Problem statement: Report each line from the entries in which "within" can be found.

Provided records:
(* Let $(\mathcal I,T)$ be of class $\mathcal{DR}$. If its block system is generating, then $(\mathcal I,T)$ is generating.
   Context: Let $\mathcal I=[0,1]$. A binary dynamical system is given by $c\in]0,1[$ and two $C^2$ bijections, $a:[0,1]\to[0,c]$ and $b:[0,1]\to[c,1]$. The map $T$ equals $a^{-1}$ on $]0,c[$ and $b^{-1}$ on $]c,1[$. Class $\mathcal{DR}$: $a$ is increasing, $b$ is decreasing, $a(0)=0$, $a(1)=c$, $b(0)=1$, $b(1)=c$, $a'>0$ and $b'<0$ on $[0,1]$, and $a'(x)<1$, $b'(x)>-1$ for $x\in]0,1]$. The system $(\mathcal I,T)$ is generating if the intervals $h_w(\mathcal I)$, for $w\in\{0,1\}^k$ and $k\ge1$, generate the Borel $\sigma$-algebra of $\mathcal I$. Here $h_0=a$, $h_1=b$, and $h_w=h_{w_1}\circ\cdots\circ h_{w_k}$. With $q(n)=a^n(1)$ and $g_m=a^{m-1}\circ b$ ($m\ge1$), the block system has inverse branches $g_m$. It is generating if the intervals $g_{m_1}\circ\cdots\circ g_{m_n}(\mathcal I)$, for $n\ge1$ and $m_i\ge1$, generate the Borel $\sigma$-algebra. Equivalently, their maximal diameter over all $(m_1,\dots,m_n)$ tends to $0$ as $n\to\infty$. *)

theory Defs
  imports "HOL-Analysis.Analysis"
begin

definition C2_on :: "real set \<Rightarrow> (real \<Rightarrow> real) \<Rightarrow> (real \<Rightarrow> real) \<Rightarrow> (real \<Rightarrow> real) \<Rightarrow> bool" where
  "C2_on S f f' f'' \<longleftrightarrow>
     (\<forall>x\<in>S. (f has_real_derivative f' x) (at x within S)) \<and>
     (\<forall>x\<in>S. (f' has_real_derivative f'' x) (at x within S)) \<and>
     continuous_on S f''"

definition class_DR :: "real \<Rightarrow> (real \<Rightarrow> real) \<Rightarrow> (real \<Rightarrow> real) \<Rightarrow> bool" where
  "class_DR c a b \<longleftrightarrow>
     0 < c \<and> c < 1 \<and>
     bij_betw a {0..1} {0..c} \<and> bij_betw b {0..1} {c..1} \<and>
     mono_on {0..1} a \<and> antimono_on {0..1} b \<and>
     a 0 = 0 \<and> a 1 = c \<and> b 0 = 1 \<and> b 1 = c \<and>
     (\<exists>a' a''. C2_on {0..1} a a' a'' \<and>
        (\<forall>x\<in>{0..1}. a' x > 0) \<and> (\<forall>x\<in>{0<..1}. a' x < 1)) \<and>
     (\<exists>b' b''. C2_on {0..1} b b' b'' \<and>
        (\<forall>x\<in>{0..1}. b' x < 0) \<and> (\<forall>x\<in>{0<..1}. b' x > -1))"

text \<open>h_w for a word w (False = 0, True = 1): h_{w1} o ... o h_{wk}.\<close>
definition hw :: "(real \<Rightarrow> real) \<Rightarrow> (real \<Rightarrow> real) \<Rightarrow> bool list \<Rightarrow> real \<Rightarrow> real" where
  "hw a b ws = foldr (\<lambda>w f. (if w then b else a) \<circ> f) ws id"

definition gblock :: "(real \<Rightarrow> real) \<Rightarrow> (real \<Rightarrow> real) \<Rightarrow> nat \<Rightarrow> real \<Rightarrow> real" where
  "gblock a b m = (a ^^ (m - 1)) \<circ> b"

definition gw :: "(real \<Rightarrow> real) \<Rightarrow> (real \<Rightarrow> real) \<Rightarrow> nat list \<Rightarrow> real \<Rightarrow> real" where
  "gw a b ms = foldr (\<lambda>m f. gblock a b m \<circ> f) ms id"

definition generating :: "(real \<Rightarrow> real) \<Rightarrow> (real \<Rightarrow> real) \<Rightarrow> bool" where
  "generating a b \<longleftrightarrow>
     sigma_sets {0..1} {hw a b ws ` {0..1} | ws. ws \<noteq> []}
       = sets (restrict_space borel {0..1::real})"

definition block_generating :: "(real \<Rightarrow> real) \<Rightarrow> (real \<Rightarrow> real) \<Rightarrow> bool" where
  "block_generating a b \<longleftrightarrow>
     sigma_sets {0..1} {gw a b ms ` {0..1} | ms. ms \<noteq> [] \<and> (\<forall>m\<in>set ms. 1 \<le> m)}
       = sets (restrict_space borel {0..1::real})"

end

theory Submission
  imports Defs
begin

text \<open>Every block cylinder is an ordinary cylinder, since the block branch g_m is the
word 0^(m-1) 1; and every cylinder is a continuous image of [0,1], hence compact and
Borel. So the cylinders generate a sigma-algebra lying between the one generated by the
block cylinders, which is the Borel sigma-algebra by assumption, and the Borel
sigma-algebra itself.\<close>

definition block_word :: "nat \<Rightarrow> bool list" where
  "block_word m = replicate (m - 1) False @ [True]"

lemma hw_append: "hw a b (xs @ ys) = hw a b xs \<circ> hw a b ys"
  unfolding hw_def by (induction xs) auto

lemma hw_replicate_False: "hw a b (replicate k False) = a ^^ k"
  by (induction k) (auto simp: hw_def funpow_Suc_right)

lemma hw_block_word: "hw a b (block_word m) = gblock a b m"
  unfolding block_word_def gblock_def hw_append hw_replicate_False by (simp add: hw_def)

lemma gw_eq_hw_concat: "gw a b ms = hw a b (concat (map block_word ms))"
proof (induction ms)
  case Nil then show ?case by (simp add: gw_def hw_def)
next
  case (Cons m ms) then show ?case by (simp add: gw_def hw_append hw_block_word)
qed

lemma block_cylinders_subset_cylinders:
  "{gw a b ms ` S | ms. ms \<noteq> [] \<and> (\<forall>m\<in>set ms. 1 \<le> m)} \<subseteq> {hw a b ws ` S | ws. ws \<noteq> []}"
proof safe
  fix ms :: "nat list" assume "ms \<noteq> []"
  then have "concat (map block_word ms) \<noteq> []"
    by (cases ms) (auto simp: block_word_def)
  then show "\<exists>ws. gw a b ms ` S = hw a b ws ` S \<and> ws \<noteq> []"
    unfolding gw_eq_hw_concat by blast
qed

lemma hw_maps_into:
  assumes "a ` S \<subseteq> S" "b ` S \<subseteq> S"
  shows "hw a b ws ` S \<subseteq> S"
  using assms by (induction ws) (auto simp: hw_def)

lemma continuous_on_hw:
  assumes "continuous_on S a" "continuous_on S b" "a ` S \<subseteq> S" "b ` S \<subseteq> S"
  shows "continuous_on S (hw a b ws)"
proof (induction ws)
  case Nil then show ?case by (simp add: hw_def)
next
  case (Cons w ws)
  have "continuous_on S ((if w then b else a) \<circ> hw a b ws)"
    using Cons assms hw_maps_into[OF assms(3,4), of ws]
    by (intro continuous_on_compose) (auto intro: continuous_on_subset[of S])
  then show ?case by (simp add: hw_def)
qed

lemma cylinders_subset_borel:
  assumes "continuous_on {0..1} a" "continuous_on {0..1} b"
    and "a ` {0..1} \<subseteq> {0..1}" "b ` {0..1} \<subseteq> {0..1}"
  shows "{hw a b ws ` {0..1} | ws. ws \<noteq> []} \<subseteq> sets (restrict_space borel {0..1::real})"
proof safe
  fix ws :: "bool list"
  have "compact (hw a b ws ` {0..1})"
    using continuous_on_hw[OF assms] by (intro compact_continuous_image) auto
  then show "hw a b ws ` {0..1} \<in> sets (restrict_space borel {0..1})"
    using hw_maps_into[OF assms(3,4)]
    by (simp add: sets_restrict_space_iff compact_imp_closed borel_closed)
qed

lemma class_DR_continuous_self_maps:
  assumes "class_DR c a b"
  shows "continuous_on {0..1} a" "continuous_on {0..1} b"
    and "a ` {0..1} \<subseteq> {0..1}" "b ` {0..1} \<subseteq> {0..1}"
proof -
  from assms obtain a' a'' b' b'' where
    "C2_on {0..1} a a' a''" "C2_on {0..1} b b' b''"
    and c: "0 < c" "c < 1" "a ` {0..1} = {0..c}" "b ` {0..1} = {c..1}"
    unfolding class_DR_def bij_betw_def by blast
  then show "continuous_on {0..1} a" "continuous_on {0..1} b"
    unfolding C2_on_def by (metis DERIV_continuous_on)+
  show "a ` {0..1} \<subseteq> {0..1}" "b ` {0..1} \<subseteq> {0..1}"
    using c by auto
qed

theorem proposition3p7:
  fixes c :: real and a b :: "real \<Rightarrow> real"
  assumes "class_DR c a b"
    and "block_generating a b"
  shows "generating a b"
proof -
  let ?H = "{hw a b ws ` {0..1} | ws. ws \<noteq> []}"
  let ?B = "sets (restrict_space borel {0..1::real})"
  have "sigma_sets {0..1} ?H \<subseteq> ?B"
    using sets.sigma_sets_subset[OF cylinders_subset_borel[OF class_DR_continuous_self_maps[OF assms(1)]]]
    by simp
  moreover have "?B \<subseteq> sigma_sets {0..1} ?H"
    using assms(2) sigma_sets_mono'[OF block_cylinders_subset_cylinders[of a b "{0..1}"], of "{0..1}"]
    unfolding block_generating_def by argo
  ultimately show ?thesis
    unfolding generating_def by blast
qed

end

Answer to this task:
     (\<forall>x\<in>S. (f has_real_derivative f' x) (at x within S)) \<and>
     (\<forall>x\<in>S. (f' has_real_derivative f'' x) (at x within S)) \<and>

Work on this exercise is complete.